Connecting to XCG Grid
connect http://www.cs.virginia.edu/~vcgr/GeniiNet/root.xml GeniiNetFullContainer
Installing Genii containers that point to pbs queue on cluster front ends
Setting up PBS Queue on Elder. Cedar, & Dogwood
Installing Genii
- Removed clean.sh if applicable
- Created local directory for genii state and linked to .genesisII where applicable
~/.genesisII-2.0 -> /export/vanet/genesisII-state
- Created local directory for install and created link
~/XCG/GenesisII -> /export/vanet/GeniiNet2_0Install
- downloaded newest installer from website and ran on commandline to install under ~/XCG/GenesisII
./XCG-installer.sh -c
- Checked that container is running
ps aux | grep java
Configuring Containers
Examined old script (configure-containers.xml) and picked out the functions such that the itc cluster nodes will have their security initialized and will be linked at the correct permanent location.
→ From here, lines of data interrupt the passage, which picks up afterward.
lemma foldl_replicate_iterate:
  assumes "\<And>x. f (g x) s = g (Suc x)"
  shows "foldl f (g x) (replicate n s) = g (x + n)"
  using assms by (induction n arbitrary: x) simp_all

context
  fixes N p :: nat
  assumes "0 < p" and "p dvd N" and "0 < N"
begin

lemma foldl_lasso_step_unary_conv:
  "foldl (lasso_step N p) (Some (0, 0, 0)) (unary_conv k l) = Some (lasso_key N p k l)"
proof -
  have lasso_0: "lasso N p 0 = 0"
    using lasso_eq_0_iff \<open>0 < N\<close> by blast
  have diag: "foldl (lasso_step N p) (Some (lasso N p x, 0, 0)) (replicate n (Some a, Some a))
      = Some (lasso N p (x + n), 0, 0)" for x n
    by (rule foldl_replicate_iterate[where g = "\<lambda>x. Some (lasso N p x, 0, 0)"])
      (simp add: lasso_step_def lasso_Suc_lasso \<open>p dvd N\<close>)
  have left: "foldl (lasso_step N p) (Some (c, lasso N p x, 0)) (replicate n (Some a, None))
      = Some (c, lasso N p (x + n), 0)" for c x n
    by (rule foldl_replicate_iterate[where g = "\<lambda>x. Some (c, lasso N p x, 0)"])
      (simp add: lasso_step_def lasso_Suc_lasso \<open>p dvd N\<close>)
  have right: "foldl (lasso_step N p) (Some (c, 0, lasso N p x)) (replicate n (None, Some a))
      = Some (c, 0, lasso N p (x + n))" for c x n
    by (rule foldl_replicate_iterate[where g = "\<lambda>x. Some (c, 0, lasso N p x)"])
      (simp add: lasso_step_def lasso_Suc_lasso \<open>p dvd N\<close>)
  show ?thesis
    using diag[of 0] left[of _ 0] right[of _ 0]
    by (cases "l \<le> k") (simp_all add: unary_conv_def lasso_key_def lasso_0)
qed

lemma lasso_step_unary_conv_snoc:
  assumes "lasso_step N p (Some (lasso_key N p k l)) s = Some c"
  shows "\<exists>k' l'. unary_conv k l @ [s] = unary_conv k' l'"
proof -
  have "x = None \<or> x = Some a" for x :: "unary_letter option"
    by (metis unary_letter.exhaust option.exhaust)
  then have "s \<in> {(Some a, Some a), (Some a, None), (None, Some a), (None, None)}"
    by (cases s) auto
  moreover have "lasso N p (k - l) = 0 \<longleftrightarrow> k \<le> l" "lasso N p (l - k) = 0 \<longleftrightarrow> l \<le> k"
    using lasso_eq_0_iff \<open>0 < N\<close> by auto
  ultimately consider "s = (Some a, Some a)" "k = l" | "s = (Some a, None)" "l \<le> k"
    | "s = (None, Some a)" "k \<le> l"
    using assms by (elim insertE emptyE) (auto simp: lasso_step_def lasso_key_def split: if_splits)
  then show ?thesis
  proof cases
    case 1
    then have "unary_conv k l @ [s] = unary_conv (Suc k) (Suc l)"
      by (simp add: unary_conv_def replicate_append_same)
    then show ?thesis by blast
  next
    case 2
    then have "unary_conv k l @ [s] = unary_conv (Suc k) l"
      by (simp add: unary_conv_def replicate_append_same Suc_diff_le min_def)
    then show ?thesis by blast
  next
    case 3
    then have "unary_conv k l @ [s] = unary_conv k (Suc l)"
      by (simp add: unary_conv_def replicate_append_same Suc_diff_le min_def)
    then show ?thesis by blast
  qed
qed

lemma unary_conv_if_foldl_lasso_step:
  assumes "foldl (lasso_step N p) (Some (0, 0, 0)) w = Some c"
  shows "\<exists>k l. w = unary_conv k l"
  using assms
proof (induction w arbitrary: c rule: rev_induct)
  case Nil
  have "[] = unary_conv 0 0" by (simp add: unary_conv_def)
  then show ?case by blast
next
  case (snoc s w)
  have "lasso_step N p None s = None"
    by (simp add: lasso_step_def)
  then obtain c' where "foldl (lasso_step N p) (Some (0, 0, 0)) w = Some c'"
    using snoc.prems by (cases "foldl (lasso_step N p) (Some (0, 0, 0)) w") simp_all
  moreover obtain k l where w: "w = unary_conv k l"
    using snoc.IH calculation by blast
  ultimately have "lasso_step N p (Some (lasso_key N p k l)) s = Some c"
    using snoc.prems foldl_lasso_step_unary_conv by simp
  then show ?case
    using lasso_step_unary_conv_snoc w by blast
qed

lemma regular_unary_conv_lasso_invariant:
  assumes "\<And>k l k' l'. lasso_key N p k l = lasso_key N p k' l' \<Longrightarrow> R k l \<Longrightarrow> R k' l'"
  shows "regular {unary_conv k l | k l. R k l}"
proof -
  let ?keys = "{..<N + p} \<times> {..<N + p} \<times> {..<N + p}"
  have "{unary_conv k l | k l. R k l}
      = {w. foldl (lasso_step N p) (Some (0, 0, 0)) w \<in> Some ` {lasso_key N p k l | k l. R k l}}"
  proof (intro set_eqI iffI)
    fix w
    assume "w \<in> {w. foldl (lasso_step N p) (Some (0, 0, 0)) w \<in> Some ` {lasso_key N p k l | k l. R k l}}"
    then obtain k l where "R k l" and run: "foldl (lasso_step N p) (Some (0, 0, 0)) w = Some (lasso_key N p k l)"
      by blast
    moreover obtain k' l' where "w = unary_conv k' l'"
      using unary_conv_if_foldl_lasso_step run by blast
    moreover have "lasso_key N p k l = lasso_key N p k' l'"
      using run \<open>w = unary_conv k' l'\<close> foldl_lasso_step_unary_conv by simp
    ultimately show "w \<in> {unary_conv k l | k l. R k l}"
      using assms by blast
  next
    fix w
    assume "w \<in> {unary_conv k l | k l. R k l}"
    then obtain k l where "R k l" "w = unary_conv k l"
      by blast
    then show "w \<in> {w. foldl (lasso_step N p) (Some (0, 0, 0)) w \<in> Some ` {lasso_key N p k l | k l. R k l}}"
      by (simp add: foldl_lasso_step_unary_conv) blast
  qed
  moreover have "regular \<dots>"
    using lasso_less[OF \<open>0 < p\<close>] \<open>0 < p\<close>
    by (intro regular_finite_dfa[where Q = "insert None (Some ` ?keys)"])
      (auto simp: lasso_step_def lasso_key_def)
  ultimately show ?thesis by simp
qed

end

lemma regular_unary_conv_eq: "regular {unary_conv k l | k l. k = l}"
proof (rule regular_unary_conv_lasso_invariant[of 1 1])
  show "k' = l'" if "lasso_key 1 1 k l = lasso_key 1 1 k' l'" "k = l" for k l k' l'
    using lasso_key_diag_eqD[of 1 1 k k' l'] that by simp
qed simp_all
New script is located on cicero at ~/XCG/GenesisII/KarsScripts/configure-containers.xml.
Functions for the new configuration script:
- <function name="makeDirectories"> - Creates directory with passed in path under /containers ; path may already exist
- <function name="configureContainerService"> - Gives read writes to everyone; gives read and execute rights to all under groups
- rmUndo, unlinkUndo, attempUndo - remove/unlink/undo function
- <function name="configureContainer"> - set read rights for everyone on uninitialied containers and its services; unlinks from uninitialized containers and links to /containers (relativePath - path where container should appear under /containers)
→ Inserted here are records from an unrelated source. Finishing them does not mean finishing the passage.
lemma slack_identities:
  fixes x y :: int
  assumes "m = q * n + r"
  shows "slack k l n q r x y + (int (n * k) - x) * (int (r * l) + int q * y) = y * int (m * k)"
    and "x * int (m * l) - slack k l n q r x y = (int (n * l) - y) * (int q * x + int (r * k))"
    and "slack k l n q r x y + x * ((int q + 1) * (int (n * l) - y)) - x * int (m * l)
      = (int (n * l) - y) * (x - int (r * k))"
  by (simp_all add: assms slack_def algebra_simps)

text \<open>If \<open>x\<close> cannot be decreased, the slack is less than the cost \<open>q y + r l\<close> of decreasing it.\<close>

lemma slack_le_of_tight:
  fixes x y :: int
  assumes "r < n" and feas: "feasible k l n q r x y"
    and tight: "int (r * k) < x \<Longrightarrow> \<not> feasible k l n q r (x - 1) y"
  shows "slack k l n q r x y \<le> x * ((int q + 2) * y)"
proof -
  have "0 \<le> x" "0 \<le> y" "int (r * l) \<le> y" using feas feasible_nonneg unfolding feasible_def by auto
  show ?thesis
  proof (cases "x = int (r * k)")
    case True
    have "slack k l n q r x y = int (r * k) * (int q * y + y) - int (r * k) * (int (n * l) - int (r * l))"
      unfolding True slack_def by (simp add: algebra_simps)
    moreover have "0 \<le> int (r * k) * (int (n * l) - int (r * l))"
      using \<open>r < n\<close> by (intro mult_nonneg_nonneg) (simp_all add: mult_right_mono)
    ultimately have "slack k l n q r x y \<le> int (r * k) * (int q * y + y)" by linarith
    also have "\<dots> \<le> x * ((int q + 2) * y)" using True \<open>0 \<le> y\<close> by (simp add: algebra_simps)
    finally show ?thesis .
  next
    case False
    then have "int (r * k) < x" using feas unfolding feasible_def by simp
    with tight feas have "slack k l n q r (x - 1) y < 0" unfolding feasible_def slack_def by auto
    then have "slack k l n q r x y < int q * y + int (r * l)" unfolding slack_def by (simp add: algebra_simps)
    also have "\<dots> \<le> 1 * ((int q + 2) * y)"
      using \<open>int (r * l) \<le> y\<close> \<open>0 \<le> y\<close> by (simp add: distrib_right)
    also have "\<dots> \<le> x * ((int q + 2) * y)"
    proof (rule mult_right_mono)
      have "0 \<le> int (r * k)" by (rule of_nat_0_le_iff)
      with \<open>int (r * k) < x\<close> show "1 \<le> x" by linarith
    qed (use \<open>0 \<le> y\<close> in simp)
    finally show ?thesis by simp
  qed
qed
- <function name="configureContainers"> (containerPattern -arg1, relativePath - arg2) - calls makeDirectories for relative path; configures each container; If 3 arguments, configureContainers function is called.
Commandline arguments:
<container-pattern> <relative-path-name> <container-link-name>
- <container-pattern> - name of container under /uninitialized-containers
- /uninitialized-containers/<container-pattern>
- <relative-path-name> - where to place container under /containers
- /containers/<relative-path-name>
- <container-link-name> - what to name new container
- /containers/<relative-path-name>/<container-link-name>
Note: It took over 10 minutes for each container to be configured. Having trouble with lc3 aka dogwood. Keeps failing while security is being set for container services. Reinstalling fixed problem.
Creating PBS BES Resources
A pbs.properties file needs to be created for each new BES resource. Example files under SVN in example-nativeq directory. Also under ~/XCG/GenesisII/KarsScripts on Cicero.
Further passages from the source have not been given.